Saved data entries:
* * *

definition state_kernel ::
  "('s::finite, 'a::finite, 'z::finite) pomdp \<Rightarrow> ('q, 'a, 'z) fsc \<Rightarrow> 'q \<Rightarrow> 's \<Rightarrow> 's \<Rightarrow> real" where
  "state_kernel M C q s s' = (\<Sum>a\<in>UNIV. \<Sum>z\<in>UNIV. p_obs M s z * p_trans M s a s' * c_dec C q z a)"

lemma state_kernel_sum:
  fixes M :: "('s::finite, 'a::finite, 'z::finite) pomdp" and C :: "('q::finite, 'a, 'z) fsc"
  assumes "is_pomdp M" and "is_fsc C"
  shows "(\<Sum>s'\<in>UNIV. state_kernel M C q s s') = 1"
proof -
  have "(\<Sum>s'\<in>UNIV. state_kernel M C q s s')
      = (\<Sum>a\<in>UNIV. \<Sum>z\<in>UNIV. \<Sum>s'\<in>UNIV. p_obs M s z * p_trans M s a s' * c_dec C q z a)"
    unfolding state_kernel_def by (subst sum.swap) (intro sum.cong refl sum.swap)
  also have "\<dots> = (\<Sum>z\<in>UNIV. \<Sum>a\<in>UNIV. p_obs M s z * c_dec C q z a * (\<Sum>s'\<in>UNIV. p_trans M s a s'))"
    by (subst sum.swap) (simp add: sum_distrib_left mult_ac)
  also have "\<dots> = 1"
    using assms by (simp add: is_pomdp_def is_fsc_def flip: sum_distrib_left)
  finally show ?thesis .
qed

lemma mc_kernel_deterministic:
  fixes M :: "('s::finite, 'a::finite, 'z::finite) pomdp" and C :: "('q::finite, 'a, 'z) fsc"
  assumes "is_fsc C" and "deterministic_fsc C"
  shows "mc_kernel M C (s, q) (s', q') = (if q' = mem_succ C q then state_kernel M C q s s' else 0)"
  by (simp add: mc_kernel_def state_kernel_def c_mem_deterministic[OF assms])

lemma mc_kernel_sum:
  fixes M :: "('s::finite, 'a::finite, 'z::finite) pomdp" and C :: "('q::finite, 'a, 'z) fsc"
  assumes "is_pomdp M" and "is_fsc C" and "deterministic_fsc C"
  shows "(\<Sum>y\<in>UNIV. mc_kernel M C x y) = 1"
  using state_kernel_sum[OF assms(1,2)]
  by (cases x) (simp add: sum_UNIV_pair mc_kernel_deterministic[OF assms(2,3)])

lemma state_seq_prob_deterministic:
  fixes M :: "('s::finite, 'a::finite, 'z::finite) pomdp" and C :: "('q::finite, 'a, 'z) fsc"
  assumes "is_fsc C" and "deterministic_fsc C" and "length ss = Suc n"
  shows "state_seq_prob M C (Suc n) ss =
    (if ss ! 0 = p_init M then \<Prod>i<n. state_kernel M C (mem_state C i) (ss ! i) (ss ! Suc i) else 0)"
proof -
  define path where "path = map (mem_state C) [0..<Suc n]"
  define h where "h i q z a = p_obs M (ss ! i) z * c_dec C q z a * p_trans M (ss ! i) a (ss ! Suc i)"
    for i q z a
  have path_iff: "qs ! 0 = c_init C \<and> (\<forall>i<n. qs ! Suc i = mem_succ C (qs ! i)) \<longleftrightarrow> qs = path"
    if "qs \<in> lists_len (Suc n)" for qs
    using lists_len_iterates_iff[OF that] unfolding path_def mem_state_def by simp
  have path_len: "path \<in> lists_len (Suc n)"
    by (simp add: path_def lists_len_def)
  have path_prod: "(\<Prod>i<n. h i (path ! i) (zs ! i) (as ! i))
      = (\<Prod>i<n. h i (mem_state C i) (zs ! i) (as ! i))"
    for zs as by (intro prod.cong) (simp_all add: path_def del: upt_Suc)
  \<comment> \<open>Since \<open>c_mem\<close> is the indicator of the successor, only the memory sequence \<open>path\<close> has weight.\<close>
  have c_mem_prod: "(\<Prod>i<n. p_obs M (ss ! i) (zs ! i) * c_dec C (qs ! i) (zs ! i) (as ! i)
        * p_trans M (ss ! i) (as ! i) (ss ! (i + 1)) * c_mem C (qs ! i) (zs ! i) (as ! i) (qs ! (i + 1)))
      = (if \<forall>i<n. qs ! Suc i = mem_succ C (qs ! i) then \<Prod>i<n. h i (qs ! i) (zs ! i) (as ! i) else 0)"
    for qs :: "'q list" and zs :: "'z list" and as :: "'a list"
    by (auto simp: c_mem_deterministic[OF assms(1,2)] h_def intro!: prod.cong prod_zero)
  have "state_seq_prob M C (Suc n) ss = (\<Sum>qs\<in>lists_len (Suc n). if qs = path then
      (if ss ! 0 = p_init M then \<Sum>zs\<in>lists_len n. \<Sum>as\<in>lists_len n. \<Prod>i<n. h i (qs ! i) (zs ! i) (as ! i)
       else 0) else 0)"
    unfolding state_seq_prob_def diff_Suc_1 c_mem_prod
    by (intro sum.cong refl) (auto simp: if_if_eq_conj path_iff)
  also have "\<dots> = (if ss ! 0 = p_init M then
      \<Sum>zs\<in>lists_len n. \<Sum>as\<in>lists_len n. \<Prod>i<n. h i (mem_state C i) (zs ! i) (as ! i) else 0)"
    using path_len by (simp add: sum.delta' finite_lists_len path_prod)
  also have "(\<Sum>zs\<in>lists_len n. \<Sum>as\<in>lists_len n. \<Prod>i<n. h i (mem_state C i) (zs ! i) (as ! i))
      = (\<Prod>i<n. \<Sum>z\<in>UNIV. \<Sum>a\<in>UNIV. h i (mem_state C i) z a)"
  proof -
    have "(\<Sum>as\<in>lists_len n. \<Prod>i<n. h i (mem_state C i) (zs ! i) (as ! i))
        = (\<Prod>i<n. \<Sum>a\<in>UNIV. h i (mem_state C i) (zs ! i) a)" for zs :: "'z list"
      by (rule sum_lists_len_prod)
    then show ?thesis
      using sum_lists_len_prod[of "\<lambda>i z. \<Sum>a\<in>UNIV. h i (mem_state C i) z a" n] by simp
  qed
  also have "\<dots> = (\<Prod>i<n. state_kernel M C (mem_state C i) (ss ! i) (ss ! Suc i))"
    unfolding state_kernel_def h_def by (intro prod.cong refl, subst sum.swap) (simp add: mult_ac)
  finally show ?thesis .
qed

* * *

== THE PROBLEM ==
Go over the records above line by line and count those holding the word "assumes". Reply only with the number.

== YOUR SOLUTION ==
4